You can also install the latest development version from
[TestPyPI](https://test.pypi.org/project/pyDVL/):

```shell
pip install pyDVL --index-url https://test.pypi.org/simple/
```

For more instructions and information refer to [Installing pyDVL
](https://appliedAI-Initiative.github.io/pyDVL/20-install.html) in the
documentation.

# Usage

pyDVL uses [Memcached](https://memcached.org/) to cache certain results and
speed up computation. You can run it either locally or, using
[Docker](https://www.docker.com/):

```shell
docker container run --rm -p 11211:11211 --name pydvl-cache -d memcached:latest
```

You can read more in the [caching module's
documentation](https://appliedAI-Initiative.github.io/pyDVL/pydvl/utils/caching.html).

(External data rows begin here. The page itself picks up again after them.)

lemma bdd_ops_diagonal_truncation:
  assumes S: "S \<in> bdd_ops p" and x: "x \<in> lp p" and p: "0 < p"
    and Su: "\<And>k. S (unit_vec k) = (\<lambda>n. c k * unit_vec k n)"
  shows "S (\<lambda>k. if k < N then x k else 0) = (\<lambda>n. if n < N then c n * x n else 0)"
proof (induction N)
  case 0
  have "S (\<lambda>k. 0 * x k) = (\<lambda>k. 0 * S x k)" by (rule bdd_opsD(3)[OF S x])
  then show ?case by simp
next
  case (Suc N)
  have trunc: "(\<lambda>k. if k < N then x k else 0) \<in> lp p" by (rule lp_mono[OF x _ p]) auto
  have "(\<lambda>k. if k < Suc N then x k else 0) = (\<lambda>k. (if k < N then x k else 0) + x N * unit_vec N k)"
    by (auto simp: unit_vec_def less_Suc_eq)
  then have "S (\<lambda>k. if k < Suc N then x k else 0)
      = (\<lambda>k. S (\<lambda>k. if k < N then x k else 0) k + x N * S (unit_vec N) k)"
    using bdd_opsD(2)[OF S trunc lp_scale[OF unit_vec_in_lp]] bdd_opsD(3)[OF S unit_vec_in_lp]
    by simp
  then show ?case unfolding Suc.IH Su by (auto simp: unit_vec_def less_Suc_eq)
qed

text \<open>The truncations of x converge to x in norm, and S is bounded.\<close>
lemma bdd_ops_diagonal:
  assumes S: "S \<in> bdd_ops p" and x: "x \<in> lp p" and p: "0 < p"
    and Su: "\<And>k. S (unit_vec k) = (\<lambda>n. c k * unit_vec k n)"
  shows "S x = (\<lambda>n. c n * x n)"
proof
  fix n
  define tail where "tail N = (\<lambda>k. if k < N then 0 else x k)" for N
  obtain C where C: "\<forall>x\<in>lp p. lp_norm p (S x) \<le> C * lp_norm p x"
    using bdd_opsD(4)[OF S] by blast
  have "\<bar>S x n - c n * x n\<bar> \<le> C * lp_norm p (tail N)" if "n < N" for N
  proof -
    have head: "(\<lambda>k. if k < N then x k else 0) \<in> lp p" and tl: "tail N \<in> lp p"
      by (auto intro!: lp_mono[OF x _ p] simp: tail_def)
    have "x = (\<lambda>k. (if k < N then x k else 0) + tail N k)" by (auto simp: tail_def)
    then have "S x n = S (\<lambda>k. if k < N then x k else 0) n + S (tail N) n"
      using bdd_opsD(2)[OF S head tl] by metis
    then have "\<bar>S x n - c n * x n\<bar> = \<bar>S (tail N) n\<bar>"
      using that by (simp add: bdd_ops_diagonal_truncation[OF S x p Su])
    also have "\<dots> \<le> lp_norm p (S (tail N))" by (rule abs_le_lp_norm[OF bdd_opsD(1)[OF S tl] p])
    also have "\<dots> \<le> C * lp_norm p (tail N)" using C tl by blast
    finally show ?thesis .
  qed
  moreover have "(\<lambda>N. C * lp_norm p (tail N)) \<longlonglongrightarrow> C * 0"
    using lp_norm_tail_tendsto_0[OF x p] by (intro tendsto_mult tendsto_const) (simp add: tail_def)
  ultimately have "\<bar>S x n - c n * x n\<bar> \<le> C * 0"
    by (intro LIMSEQ_le_const) (auto intro!: exI[of _ "Suc n"])
  then show "S x n = c n * x n" by simp
qed

definition first_coord_proj :: "real \<Rightarrow> (nat \<Rightarrow> real) \<Rightarrow> (nat \<Rightarrow> real)" where
  "first_coord_proj p x = (if x \<in> lp p then (\<lambda>n. x 0 * unit_vec 0 n) else (\<lambda>_. 0))"

lemma first_coord_proj_in_bdd_ops:
  assumes "0 < p"
  shows "first_coord_proj p \<in> bdd_ops p"
  unfolding bdd_ops_def
proof (intro CollectI conjI ballI allI impI)
  show "first_coord_proj p x \<in> lp p" if "x \<in> lp p" for x
    using that by (simp add: first_coord_proj_def lp_scale unit_vec_in_lp)
  show "first_coord_proj p (\<lambda>k. x k + y k) = (\<lambda>k. first_coord_proj p x k + first_coord_proj p y k)"
    if "x \<in> lp p" "y \<in> lp p" for x y
    using that lp_add[OF that assms] by (auto simp: first_coord_proj_def algebra_simps)
  show "first_coord_proj p (\<lambda>k. a * x k) = (\<lambda>k. a * first_coord_proj p x k)" if "x \<in> lp p" for x a
    using that lp_scale[OF that, of a] by (auto simp: first_coord_proj_def)
  show "\<exists>C. \<forall>x\<in>lp p. lp_norm p (first_coord_proj p x) \<le> C * lp_norm p x"
    using abs_le_lp_norm[OF _ assms, of _ 0]
    by (intro exI[of _ 1]) (simp add: first_coord_proj_def lp_norm_scale[OF unit_vec_in_lp assms]
        lp_norm_unit_vec[OF assms])
qed (simp add: first_coord_proj_def)

lemma first_coord_proj_unit_vec: "first_coord_proj p (unit_vec k) k = (if k = 0 then 1 else 0)"
  by (simp add: first_coord_proj_def unit_vec_in_lp) (simp add: unit_vec_def)

section \<open>Supporting functionals and generalised limits\<close>

lemma supporting_functionalI:
  assumes T: "T \<in> bdd_ops p" "op_norm p T = 1" "\<phi> T = 1"
    and add: "\<And>S U. S \<in> bdd_ops p \<Longrightarrow> U \<in> bdd_ops p \<Longrightarrow> \<phi> (\<lambda>x k. S x k + U x k) = \<phi> S + \<phi> U"
    and scale: "\<And>S c. S \<in> bdd_ops p \<Longrightarrow> \<phi> (\<lambda>x k. c * S x k) = c * \<phi> S"
    and bound: "\<And>S. S \<in> bdd_ops p \<Longrightarrow> \<bar>\<phi> S\<bar> \<le> op_norm p S"
  shows "supporting_functional p T \<phi>"
  unfolding supporting_functional_def bdd_functional_def
proof (intro conjI ballI allI)
  show "\<exists>C. \<forall>S\<in>bdd_ops p. \<bar>\<phi> S\<bar> \<le> C * op_norm p S"
    using bound by (intro exI[of _ 1]) auto
  show "dual_norm p \<phi> = 1" unfolding dual_norm_def
  proof (rule cSup_eq_maximum)
    show "1 \<in> {\<bar>\<phi> S\<bar> |S. S \<in> bdd_ops p \<and> op_norm p S \<le> 1}" using T by force
  qed (use bound in force)
qed (use T add scale in auto)

text \<open>Tychonoff: the sequence \<open>k \<mapsto> h k\<close> lies in the compact product of the intervals
  \<open>[-B a, B a]\<close>, so the closures of its tails have a common point g.\<close>
lemma simultaneous_cluster_point:
  fixes h :: "nat \<Rightarrow> 'a \<Rightarrow> real"
  assumes "\<And>a. a \<in> I \<Longrightarrow> Bseq (\<lambda>k. h k a)"
  shows "\<exists>g. \<forall>F \<epsilon> N. finite F \<longrightarrow> F \<subseteq> I \<longrightarrow> 0 < \<epsilon> \<longrightarrow> (\<exists>k\<ge>N. \<forall>a\<in>F. \<bar>g a - h k a\<bar> < \<epsilon>)"
proof -
  obtain B where B: "\<And>a k. a \<in> I \<Longrightarrow> \<bar>h k a\<bar> \<le> B a"
    using assms unfolding Bseq_def by (metis real_norm_def)
  define X where "X a = subtopology euclideanreal (cball 0 (B a))" for a
  define P where "P = product_topology X I"
  have tX: "topspace (X a) = cball 0 (B a)" for a by (simp add: X_def)
  define C where "C n = P closure_of ((\<lambda>k. restrict (h k) I) ` {n..})" for n
  have "compact_space P"
    unfolding P_def compact_space_product_topology X_def by (auto intro: compact_space_subtopology)
  moreover have "restrict (h n) I \<in> C n" for n
    unfolding C_def by (rule set_mp[OF closure_of_subset]) (use B in \<open>auto simp: P_def tX PiE_iff\<close>)
  ultimately have "(\<Inter>n. C n) \<noteq> {}"
    by (intro compact_space_imp_nest) (auto simp: C_def decseq_def intro!: closure_of_mono)
  then obtain z where z: "\<And>n. z \<in> C n" by blast
  show ?thesis
  proof (intro exI[of _ z] allI impI)
    fix F \<epsilon> N assume F: "finite F" "F \<subseteq> I" and \<epsilon>: "(0::real) < \<epsilon>"
    define U where "U = (\<Inter>a\<in>F. {f \<in> topspace P. f a \<in> ball (z a) \<epsilon>}) \<inter> topspace P"
    have "openin P {f \<in> topspace P. f a \<in> ball (z a) \<epsilon>}" if "a \<in> F" for a
    proof -
      have "openin (X a) (cball 0 (B a) \<inter> ball (z a) \<epsilon>)"
        unfolding X_def by (rule openin_subtopology_Int2) auto
      then have "openin P {f \<in> topspace P. f a \<in> cball 0 (B a) \<inter> ball (z a) \<epsilon>}"
        unfolding P_def using that F
        by (intro openin_continuous_map_preimage[OF continuous_map_product_projection]) auto
      moreover have "{f \<in> topspace P. f a \<in> cball 0 (B a) \<inter> ball (z a) \<epsilon>}
          = {f \<in> topspace P. f a \<in> ball (z a) \<epsilon>}"
        using that F by (auto simp: P_def tX PiE_iff)
      ultimately show ?thesis by simp
    qed
    then have "openin P U" unfolding U_def using F by (intro openin_INT) auto
    moreover have "z \<in> U" using z[of N] \<epsilon> by (simp add: U_def C_def in_closure_of)
    ultimately obtain k where "k \<ge> N" "restrict (h k) I \<in> U"
      using z[of N] unfolding C_def in_closure_of by blast
    then show "\<exists>k\<ge>N. \<forall>a\<in>F. \<bar>z a - h k a\<bar> < \<epsilon>"
      using F by (force simp: U_def dist_real_def)
  qed
qed

text \<open>A cluster point, for pointwise convergence on the bounded sequences, of the evaluations
  \<open>x \<mapsto> x k\<close>. It behaves like a Banach limit: linear, bounded by the supremum norm, and equal
  to the limit on convergent sequences.\<close>
definition evaluation_cluster_point :: "((nat \<Rightarrow> real) \<Rightarrow> real) \<Rightarrow> bool" where
  "evaluation_cluster_point L \<longleftrightarrow> (\<forall>F \<epsilon> N. finite F \<longrightarrow> F \<subseteq> Collect Bseq \<longrightarrow> 0 < \<epsilon>
     \<longrightarrow> (\<exists>k\<ge>N. \<forall>x\<in>F. \<bar>L x - x k\<bar> < \<epsilon>))"

lemma evaluation_cluster_point_exists: "\<exists>L. evaluation_cluster_point L"
  unfolding evaluation_cluster_point_def
  by (rule simultaneous_cluster_point[of _ "\<lambda>k x. x k"]) simp

lemma evaluation_cluster_pointD:
  assumes "evaluation_cluster_point L" "finite F" "F \<subseteq> Collect Bseq" "0 < \<epsilon>"
  shows "\<exists>k\<ge>N. \<forall>x\<in>F. \<bar>L x - x k\<bar> < \<epsilon>"
  using assms unfolding evaluation_cluster_point_def by blast

lemma Bseq_plus:
  fixes x y :: "nat \<Rightarrow> 'a::real_normed_vector"
  assumes "Bseq x" "Bseq y"
  shows "Bseq (\<lambda>k. x k + y k)"
proof -
  obtain K M where "\<And>k. norm (x k) \<le> K" "\<And>k. norm (y k) \<le> M"
    using assms unfolding Bseq_def by blast
  then show ?thesis by (intro BseqI'[of _ "K + M"]) (metis add_mono norm_triangle_ineq order_trans)
qed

Once that's done, the steps required to compute values for your samples are

1. Create a `Dataset` object with your train and test splits.
2. Create an instance of a `SupervisedModel` (basically any sklearn compatible
   predictor)
3. Create a `Utility` object to wrap the Dataset, the model and a scoring
   function.
4. Use one of the methods defined in the library to compute the values.

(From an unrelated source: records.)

lemma infinite_int_lattice: "infinite (int_lattice :: 'a::euclidean_space set)"
proof
  assume fin: "finite (int_lattice :: 'a set)"
  obtain b :: 'a where b: "b \<in> Basis"
    using nonempty_Basis by blast
  have "range (\<lambda>n::nat. real n *\<^sub>R b) \<subseteq> int_lattice"
    using b by (auto simp: int_lattice_def inner_Basis)
  moreover have "inj (\<lambda>n::nat. real n *\<^sub>R b)"
    using b by (auto simp: inj_on_def nonzero_Basis)
  ultimately show False
    using fin finite_subset finite_imageD infinite_UNIV_nat by blast
qed

lemma second_countable_euclidean: "second_countable (euclidean :: 'a::second_countable_topology topology)"
proof -
  obtain \<B> :: "'a set set" where \<B>: "countable \<B>" "\<And>C. C \<in> \<B> \<Longrightarrow> open C"
    "\<And>S. open S \<Longrightarrow> \<exists>U. U \<subseteq> \<B> \<and> S = \<Union>U"
    by (rule univ_second_countable) blast
  show ?thesis
    unfolding second_countable_def
  proof (intro exI conjI ballI allI impI)
    fix S :: "'a set" and x assume "openin euclidean S \<and> x \<in> S"
    then obtain \<U> where "\<U> \<subseteq> \<B>" "S = \<Union>\<U>" "x \<in> S"
      using \<B>(3) by auto
    then show "\<exists>V\<in>\<B>. x \<in> V \<and> V \<subseteq> S"
      by auto
  qed (use \<B> in auto)
qed

lemma homeomorphism_imp_homeomorphic_maps:
  "homeomorphism S T f g \<Longrightarrow> homeomorphic_maps (top_of_set S) (top_of_set T) f g"
  by (force simp: Pi_iff homeomorphic_maps_def homeomorphism_def)

lemma homeomorphism_inv_into:
  assumes "homeomorphism S T f g" and "y \<in> T"
  shows "inv_into S f y = g y"
proof (rule inv_into_f_eq)
  show "inj_on f S"
    using assms(1) by (rule inj_on_inverseI[OF homeomorphism_apply1])
qed (use assms in \<open>auto simp: homeomorphism_def\<close>)

lemma homeomorphism_rescale_ball:
  fixes c :: "'a::real_normed_vector"
  assumes "0 < r"
  shows "homeomorphism (ball c r) (ball 0 1) (\<lambda>x. (x - c) /\<^sub>R r) (\<lambda>y. c + r *\<^sub>R y)"
proof -
  have in1: "(x - c) /\<^sub>R r \<in> ball 0 1" if "x \<in> ball c r" for x
    using that assms by (simp add: dist_norm norm_minus_commute) (simp add: field_simps)
  have in2: "c + r *\<^sub>R y \<in> ball c r" if "y \<in> ball 0 1" for y
    using that assms by (simp add: dist_norm)
  have "(\<lambda>x. (x - c) /\<^sub>R r) ` ball c r = ball 0 1"
  proof
    show "ball 0 1 \<subseteq> (\<lambda>x. (x - c) /\<^sub>R r) ` ball c r"
      using in2 assms by (auto intro!: image_eqI[where x="c + r *\<^sub>R _"])
  qed (use in1 in auto)
  moreover have "(\<lambda>y. c + r *\<^sub>R y) ` ball 0 1 = ball c r"
  proof
    show "ball c r \<subseteq> (\<lambda>y. c + r *\<^sub>R y) ` ball 0 1"
      using in1 assms by (auto intro!: image_eqI[where x="(_ - c) /\<^sub>R r"])
  qed (use in2 in auto)
  ultimately show ?thesis
    using assms by (auto simp: homeomorphism_def intro!: continuous_intros)
qed

lemma homeomorphism_rescaled_chart:
  fixes h :: "'a::real_normed_vector \<Rightarrow> 'a"
  assumes "\<forall>x\<in>ball 0 1. h x = x" and "0 < r"
  shows "homeomorphism (ball c r) (ball 0 1) (\<lambda>x. h ((x - c) /\<^sub>R r)) (\<lambda>y. c + r *\<^sub>R y)"
proof (rule homeomorphism_cong[OF homeomorphism_rescale_ball[OF assms(2)]])
  fix x assume "x \<in> ball c r"
  then have "(x - c) /\<^sub>R r \<in> ball 0 1"
    using assms(2) by (simp add: dist_norm norm_minus_commute) (simp add: field_simps)
  then show "h ((x - c) /\<^sub>R r) = (x - c) /\<^sub>R r"
    using assms(1) by blast
qed simp_all

lemma finite_int_lattice_balls_meeting:
  assumes "inj e" and "range e \<subseteq> int_lattice"
  shows "finite {i. ball (e i) r \<inter> ball x s \<noteq> {}}"
proof -
  have "{i. ball (e i) r \<inter> ball x s \<noteq> {}} \<subseteq> e -` (int_lattice \<inter> ball x (r + s))"
  proof
    fix i assume "i \<in> {i. ball (e i) r \<inter> ball x s \<noteq> {}}"
    then obtain y where "dist (e i) y < r" "dist x y < s"
      by auto
    then have "dist x (e i) < r + s"
      using dist_triangle[of x "e i" y] by (simp add: dist_commute)
    then show "i \<in> e -` (int_lattice \<inter> ball x (r + s))"
      using assms(2) by auto
  qed
  moreover have "finite (e -` (int_lattice \<inter> ball x (r + s)))"
    by (rule finite_vimageI[OF finite_int_lattice_Int[OF bounded_ball] assms(1)])
  ultimately show ?thesis
    by (rule finite_subset)
qed

lemma lip_gamma_manifold_lattice_charts:
  fixes h :: "'a::euclidean_space \<Rightarrow> 'a" and e :: "nat \<Rightarrow> 'a"
  assumes h_id: "\<forall>x\<in>ball 0 1. h x = x" and h_supp: "\<forall>x. h x \<noteq> 0 \<longrightarrow> norm x < 2 * DIM('a)"
    and h_cont: "continuous_on UNIV h"
    and L: "0 < L" "\<And>a. lip_gamma_on \<gamma> L (ball 0 1) (\<lambda>y. h (y + a))"
    and e: "bij_betw e UNIV int_lattice"
  shows "lip_gamma_manifold \<gamma> euclidean UNIV (\<lambda>i. ball (e i) DIM('a)) (\<lambda>i x. h ((x - e i) /\<^sub>R DIM('a)))"
proof -
  define \<rho> :: real where "\<rho> = DIM('a)"
  define \<phi> where "\<phi> i x = h ((x - e i) /\<^sub>R \<rho>)" for i x
  have "1 \<le> \<rho>"
    by (simp add: \<rho>_def Suc_le_eq)
  have norm_div_\<rho>: "norm (v /\<^sub>R \<rho>) = norm v / \<rho>" for v :: 'a
    using \<open>1 \<le> \<rho>\<close> by (simp add: divide_inverse_commute)
  have hom: "homeomorphism (ball (e i) \<rho>) (ball 0 1) (\<phi> i) (\<lambda>y. e i + \<rho> *\<^sub>R y)" for i
    unfolding \<phi>_def using homeomorphism_rescaled_chart[OF h_id] \<open>1 \<le> \<rho>\<close> by simp
  have cover: "\<exists>i. x \<in> ball (e i) \<rho> \<and> \<phi> i x \<in> ball 0 (1 - 1/4)" for x
  proof -
    obtain c where c: "c \<in> int_lattice" "norm (x - c) \<le> \<rho> / 2"
      using int_lattice_near[of x] by (auto simp: \<rho>_def)
    moreover obtain i where "c = e i"
      using e c(1) unfolding bij_betw_def by blast
    ultimately have "norm (x - e i) \<le> \<rho> / 2"
      by simp
    then have "norm ((x - e i) /\<^sub>R \<rho>) \<le> 1 / 2" "x \<in> ball (e i) \<rho>"
      using \<open>1 \<le> \<rho>\<close> unfolding norm_div_\<rho> by (simp_all add: divide_le_eq dist_norm norm_minus_commute)
    then show ?thesis
      using h_id by (auto simp: \<phi>_def)
  qed
  show ?thesis
    unfolding lip_gamma_manifold_def \<rho>_def[symmetric] \<phi>_def[symmetric]
  proof (intro conjI ballI)
    show "second_countable (euclidean :: 'a topology)"
      by (rule second_countable_euclidean)
    show "continuous_map euclidean euclidean (\<phi> i)" for i
    proof -
      have "continuous_on UNIV (\<phi> i)"
        unfolding \<phi>_def[abs_def]
        by (rule continuous_on_compose2[OF h_cont])
          (auto intro!: continuous_intros)
      then show ?thesis
        by simp
    qed
    show "\<exists>K. compactin euclidean K \<and> (\<forall>x\<in>topspace euclidean - K. \<phi> i x = 0)" for i
    proof (intro exI conjI ballI)
      show "compactin euclidean (cball (e i) (2 * DIM('a) * \<rho>))"
        by simp
      fix x assume "x \<in> topspace euclidean - cball (e i) (2 * DIM('a) * \<rho>)"
      then have "2 * DIM('a) \<le> norm ((x - e i) /\<^sub>R \<rho>)"
        using \<open>1 \<le> \<rho>\<close> unfolding norm_div_\<rho> by (simp add: le_divide_eq dist_norm norm_minus_commute)
      then show "\<phi> i x = 0"
        using h_supp by (force simp: \<phi>_def)
    qed
    show "homeomorphic_map (subtopology euclidean (ball (e i) \<rho>)) (top_of_set (ball 0 1)) (\<phi> i)" for i
      using homeomorphic_maps_imp_map[OF homeomorphism_imp_homeomorphic_maps[OF hom]] by simp
    show "compactin euclidean (euclidean closure_of ball (e i) \<rho>)" for i
      using \<open>1 \<le> \<rho>\<close> by simp
    have "x \<in> (\<Union>i. ball (e i) \<rho>)" for x
      using cover[of x] by blast
    then show "(\<Union>i\<in>UNIV. ball (e i) \<rho>) = topspace euclidean"
      by auto
    show "\<exists>V. openin euclidean V \<and> x \<in> V \<and> finite {i \<in> UNIV. ball (e i) \<rho> \<inter> V \<noteq> {}}" for x
      using finite_int_lattice_balls_meeting[of e \<rho> x 1] e
      by (intro exI[of _ "ball x 1"]) (auto simp: bij_betw_def)
    show "\<exists>\<delta>. 0 < \<delta> \<and> \<delta> < 1 \<and>
        topspace euclidean \<subseteq> (\<Union>i\<in>UNIV. {x \<in> ball (e i) \<rho>. \<phi> i x \<in> ball 0 (1 - \<delta>)})"
      using cover by (intro exI[of _ "1/4"]) (simp, blast)
    have "lip_gamma_on \<gamma> L (ball 0 1) (\<phi> j \<circ> inv_into (ball (e i) \<rho>) (\<phi> i))" for i j
    proof (rule lip_gamma_on_cong[OF L(2)[of "(e i - e j) /\<^sub>R \<rho>"]])
      fix y :: 'a assume "y \<in> ball 0 1"
      then have "inv_into (ball (e i) \<rho>) (\<phi> i) y = e i + \<rho> *\<^sub>R y"
        by (rule homeomorphism_inv_into[OF hom])
      then show "h (y + (e i - e j) /\<^sub>R \<rho>) = (\<phi> j \<circ> inv_into (ball (e i) \<rho>) (\<phi> i)) y"
        using \<open>1 \<le> \<rho>\<close> by (simp add: \<phi>_def algebra_simps)
    qed
    then show "\<exists>L>0. \<forall>i\<in>UNIV. \<forall>j\<in>UNIV. lip_gamma_on \<gamma> L (ball 0 1) (\<phi> j \<circ> inv_into (ball (e i) \<rho>) (\<phi> i))"
      using L(1) by blast
  qed simp_all
qed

This is how it looks for *Truncated Montecarlo Shapley*, an efficient method for
Data Shapley values:

```python
import numpy as np
from pydvl.utils import Dataset, Utility
from pydvl.value.shapley import compute_shapley_values
from sklearn.linear_model import LinearRegression
from sklearn.model_selection import train_test_split

X, y = np.arange(100).reshape((50, 2)), np.arange(50)
X_train, X_test, y_train, y_test = train_test_split(
        X, y, test_size=0.5, random_state=16
        )
dataset = Dataset(X_train, y_train, X_test, y_test)
model = LinearRegression()
utility = Utility(model, dataset)
values = compute_shapley_values(
        u=utility, max_iterations=100, mode="truncated_montecarlo"
    )
```

For more instructions and information refer to [Getting
Started](https://appliedAI-Initiative.github.io/pyDVL/10-getting-started.html) in
the documentation. We provide several
[examples](https://appliedAI-Initiative.github.io/pyDVL/examples/index.html)
with details on the algorithms and their applications.

# Contributing

Please open new issues for bugs, feature requests and extensions. You can read
about the structure of the project, the toolchain and workflow in the [guide for
contributions](CONTRIBUTING.md).

# License

pyDVL is distributed under
[LGPL-3.0](https://www.gnu.org/licenses/lgpl-3.0.html). A complete version can
be found in two files: [here](LICENSE) and [here](COPYING.LESSER).

All contributions will be distributed under this license.